(* Let $d$ be a positive integer and let $A\in\mathbb{R}^{[3]\times[n]}$ be a matrix that cannot be eliminated at any column. Then there exists $b\in\mathbb{R}^{[3]}$ such that the solution graph $G(R(A,b))$ is not connected.
   Context: Fix a positive integer $d$ and let $D=\{0,1,\dots,d\}$; $[n]=\{1,\dots,n\}$. For $A\in\mathbb{R}^{[m]\times[n]}$ and $b\in\mathbb{R}^{[m]}$, $R(A,b)=\{x\in D^{[n]} : Ax\ge b\}$. For $R\subseteq D^{[n]}$, the solution graph $G(R)$ is the undirected graph with vertex set $R$ in which $x,y$ are adjacent iff they differ in exactly one coordinate. A matrix $A=(a_{ij})\in\mathbb{R}^{[m]\times[n]}$ can be eliminated at column $j\in[n]$ if (i) for every row $i$ with $a_{ij}>0$ we have $a_{ij'}=0$ for all $j'\in[n]\setminus\{j\}$, or (ii) for every row $i$ with $a_{ij}<0$ we have $a_{ij'}=0$ for all $j'\in[n]\setminus\{j\}$. *)

theory Defs
  imports Complex_Main "HOL-Library.FuncSet"
begin

definition grid :: "nat \<Rightarrow> nat \<Rightarrow> (nat \<Rightarrow> nat) set" where
  "grid d n = {1..n} \<rightarrow>\<^sub>E {0..d}"

definition sol_set :: "nat \<Rightarrow> nat \<Rightarrow> nat \<Rightarrow> (nat \<Rightarrow> nat \<Rightarrow> real) \<Rightarrow> (nat \<Rightarrow> real) \<Rightarrow> (nat \<Rightarrow> nat) set" where
  "sol_set d m n A b =
     {x \<in> grid d n. \<forall>i\<in>{1..m}. (\<Sum>j=1..n. A i j * real (x j)) \<ge> b i}"

definition adj :: "nat \<Rightarrow> (nat \<Rightarrow> nat) \<Rightarrow> (nat \<Rightarrow> nat) \<Rightarrow> bool" where
  "adj n x y \<longleftrightarrow> card {j\<in>{1..n}. x j \<noteq> y j} = 1"

text \<open>G(R) is connected: any two vertices are joined by a path inside R
  (with the convention that the empty graph is connected).\<close>

definition sol_graph_connected :: "nat \<Rightarrow> (nat \<Rightarrow> nat) set \<Rightarrow> bool" where
  "sol_graph_connected n R \<longleftrightarrow>
     (\<forall>x\<in>R. \<forall>y\<in>R. (x, y) \<in> ({(u, v). u \<in> R \<and> v \<in> R \<and> adj n u v})\<^sup>*)"

definition can_eliminate :: "nat \<Rightarrow> nat \<Rightarrow> (nat \<Rightarrow> nat \<Rightarrow> real) \<Rightarrow> nat \<Rightarrow> bool" where
  "can_eliminate m n A j \<longleftrightarrow>
     (\<forall>i\<in>{1..m}. A i j > 0 \<longrightarrow> (\<forall>j'\<in>{1..n} - {j}. A i j' = 0)) \<or>
     (\<forall>i\<in>{1..m}. A i j < 0 \<longrightarrow> (\<forall>j'\<in>{1..n} - {j}. A i j' = 0))"

end

theory Submission
  imports Defs
begin

(* If x and y are distinct points of D^[n], every coordinate of x lies at a bound of D, and
   moving any coordinate of x one step into D pushes some row of A x below min (A x, A y),
   then x is an isolated vertex of G(R(A, min (A x, A y))).  Such pairs come from a set S of
   columns with signs delta: x is the corner of the box opposite to delta on S, and y = x + delta
   on S.  Off S a coordinate of x can be pinned by any row whose total shift w = A delta is
   nonnegative, which is possible for every column with entries of both signs once at most one
   row has w < 0; with three rows this holds for delta or for -delta.  Non-eliminability provides
   (S, delta): either two rows have opposite signs in two different columns, or every column has
   a zero entry and the signs form a cycle on three columns. *)

abbreviation row_value :: "(nat \<Rightarrow> nat \<Rightarrow> real) \<Rightarrow> nat \<Rightarrow> nat \<Rightarrow> (nat \<Rightarrow> nat) \<Rightarrow> real" where
  "row_value A n i x \<equiv> \<Sum>j = 1..n. A i j * real (x j)"

lemma not_connected_of_isolated:
  assumes "x \<in> R" "y \<in> R" "x \<noteq> y" and "\<forall>u\<in>R. \<not> adj n x u"
  shows "\<not> sol_graph_connected n R"
proof
  assume "sol_graph_connected n R"
  then have "(x, y) \<in> {(u, v). u \<in> R \<and> v \<in> R \<and> adj n u v}\<^sup>*"
    using assms(1,2) unfolding sol_graph_connected_def by blast
  then show False
    using assms(3,4) by (auto elim: converse_rtranclE)
qed

lemma adj_obtain_coordinate:
  assumes "adj n x y"
  obtains j where "j \<in> {1..n}" "x j \<noteq> y j" "\<forall>l\<in>{1..n} - {j}. y l = x l"
proof -
  obtain j where "{j\<in>{1..n}. x j \<noteq> y j} = {j}"
    using assms unfolding adj_def by (rule card_1_singletonE)
  then show ?thesis
    by (intro that) (blast, blast, force)
qed

lemma row_value_diff:
  "row_value A n i y - row_value A n i x = (\<Sum>l=1..n. A i l * (real (y l) - real (x l)))"
  by (simp add: sum_subtractf[symmetric] algebra_simps)

lemma row_value_change_one:
  assumes "j \<in> {1..n}" "\<forall>l\<in>{1..n} - {j}. y l = x l"
  shows "row_value A n i y = row_value A n i x + A i j * (real (y j) - real (x j))"
proof -
  have "row_value A n i y - row_value A n i x
      = A i j * (real (y j) - real (x j)) + (\<Sum>l\<in>{1..n} - {j}. A i l * (real (y l) - real (x l)))"
    unfolding row_value_diff using assms(1) by (simp add: sum.remove)
  also have "(\<Sum>l\<in>{1..n} - {j}. A i l * (real (y l) - real (x l))) = 0"
    using assms(2) by (intro sum.neutral) auto
  finally show ?thesis by simp
qed

lemma no_neighbour_in_sol_set:
  assumes "\<forall>j\<in>{1..n}.
      (x j = 0 \<and> (\<exists>i\<in>{1..m}. A i j < 0 \<and> row_value A n i x + A i j < b i)) \<or>
      (x j = d \<and> (\<exists>i\<in>{1..m}. 0 < A i j \<and> row_value A n i x - A i j < b i))"
  shows "\<forall>u\<in>sol_set d m n A b. \<not> adj n x u"
proof (intro ballI notI)
  fix u assume u: "u \<in> sol_set d m n A b" and "adj n x u"
  from \<open>adj n x u\<close> obtain j where j: "j \<in> {1..n}" "x j \<noteq> u j" and same: "\<forall>l\<in>{1..n} - {j}. u l = x l"
    by (rule adj_obtain_coordinate)
  have "u j \<le> d" and sol: "\<forall>i\<in>{1..m}. b i \<le> row_value A n i u"
    using u j(1) unfolding sol_set_def grid_def by auto
  have step: "row_value A n i u = row_value A n i x + A i j * (real (u j) - real (x j))" for i
    using j(1) same by (rule row_value_change_one)
  from assms j(1) show False
  proof (elim ballE disjE conjE bexE)
    fix i assume "x j = 0" "i \<in> {1..m}" "A i j < 0" "row_value A n i x + A i j < b i"
    moreover have "A i j * (real (u j) - real (x j) - 1) \<le> 0"
      using \<open>A i j < 0\<close> \<open>x j = 0\<close> j(2) by (intro mult_nonpos_nonneg) auto
    then have "A i j * (real (u j) - real (x j)) \<le> A i j"
      by (simp add: algebra_simps)
    ultimately show False
      using sol step[of i] by fastforce
  next
    fix i assume "x j = d" "i \<in> {1..m}" "0 < A i j" "row_value A n i x - A i j < b i"
    moreover have "A i j * (real (u j) - real (x j) + 1) \<le> 0"
      using \<open>0 < A i j\<close> \<open>x j = d\<close> \<open>u j \<le> d\<close> j(2) by (intro mult_nonneg_nonpos) auto
    then have "A i j * (real (u j) - real (x j)) \<le> - A i j"
      by (simp add: algebra_simps)
    ultimately show False
      using sol step[of i] by fastforce
  qed blast
qed

lemma disconnected_of_isolating_pair:
  assumes "x \<in> grid d n" "y \<in> grid d n" "x \<noteq> y"
    and pinned: "\<forall>j\<in>{1..n}.
      (x j = 0 \<and> (\<exists>i\<in>{1..m}. A i j < 0 \<and> A i j < row_value A n i y - row_value A n i x)) \<or>
      (x j = d \<and> (\<exists>i\<in>{1..m}. 0 < A i j \<and> - A i j < row_value A n i y - row_value A n i x))"
  shows "\<not> sol_graph_connected n (sol_set d m n A (\<lambda>i. min (row_value A n i x) (row_value A n i y)))"
    (is "\<not> sol_graph_connected n ?R")
proof -
  have "x \<in> ?R" "y \<in> ?R"
    using assms(1,2) unfolding sol_set_def by auto
  moreover have below_plus:
    "row_value A n i x + a < min (row_value A n i x) (row_value A n i y) \<longleftrightarrow>
       a < 0 \<and> a < row_value A n i y - row_value A n i x" for i a
    by auto
  moreover have below_minus:
    "row_value A n i x - a < min (row_value A n i x) (row_value A n i y) \<longleftrightarrow>
       0 < a \<and> - a < row_value A n i y - row_value A n i x" for i a
    by auto
  have "\<forall>u\<in>?R. \<not> adj n x u"
    by (rule no_neighbour_in_sol_set, unfold below_plus below_minus) (use pinned in blast)
  ultimately show ?thesis
    using not_connected_of_isolated \<open>x \<noteq> y\<close> by blast
qed
(* For all $n\geq 1$, $s_{n,2}(112,122)=c_n=\frac{1}{n+1}\binom{2n}{n}$, the $n$-th Catalan number.
   Context: For positive integers $n,m$, $[n]_m$ denotes the regular multiset $\{1^m,\ldots,n^m\}$, and a permutation of $[n]_m$ is a sequence of length $nm$ in which each $i\in[n]$ appears exactly $m$ times. A sequence $\sigma$ contains a pattern $\pi=\pi_1\cdots\pi_k$ if it has a subsequence $\sigma_{i_1}\cdots\sigma_{i_k}$ ($i_1<\dots<i_k$) order-isomorphic to $\pi$, i.e. $\sigma_{i_a}<\sigma_{i_b}\iff\pi_a<\pi_b$ and $\sigma_{i_a}=\sigma_{i_b}\iff\pi_a=\pi_b$; otherwise it avoids $\pi$. $s_{n,m}(\Pi)$ is the number of permutations of $[n]_m$ avoiding all patterns in $\Pi$. *)

theory Defs
  imports Main
begin

definition multiset_perms :: "nat \<Rightarrow> nat \<Rightarrow> nat list set" where
  "multiset_perms n m =
     {\<sigma>. length \<sigma> = n * m \<and> set \<sigma> \<subseteq> {1..n} \<and>
          (\<forall>i\<in>{1..n}. count_list \<sigma> i = m)}"

definition contains :: "nat list \<Rightarrow> nat list \<Rightarrow> bool" where
  "contains \<sigma> \<pi> \<longleftrightarrow>
     (\<exists>idx :: nat \<Rightarrow> nat.
        (\<forall>a b. a < b \<and> b < length \<pi> \<longrightarrow> idx a < idx b) \<and>
        (\<forall>a < length \<pi>. idx a < length \<sigma>) \<and>
        (\<forall>a < length \<pi>. \<forall>b < length \<pi>.
            (\<sigma> ! idx a < \<sigma> ! idx b \<longleftrightarrow> \<pi> ! a < \<pi> ! b) \<and>
            (\<sigma> ! idx a = \<sigma> ! idx b \<longleftrightarrow> \<pi> ! a = \<pi> ! b)))"

definition avoids :: "nat list \<Rightarrow> nat list \<Rightarrow> bool" where
  "avoids \<sigma> \<pi> \<longleftrightarrow> \<not> contains \<sigma> \<pi>"

definition s_count :: "nat \<Rightarrow> nat \<Rightarrow> nat list set \<Rightarrow> nat" where
  "s_count n m \<Pi> = card {\<sigma> \<in> multiset_perms n m. \<forall>\<pi>\<in>\<Pi>. avoids \<sigma> \<pi>}"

•••••

Task instructions ::
The response should be the listing above, limited to the lines between the one holding "u = row_value" and the one holding "proof (elim ballE disjE conjE bexE)", inclusive, reproduced exactly.

Exercise response ::
  have step: "row_value A n i u = row_value A n i x + A i j * (real (u j) - real (x j))" for i
    using j(1) same by (rule row_value_change_one)
  from assms j(1) show False
  proof (elim ballE disjE conjE bexE)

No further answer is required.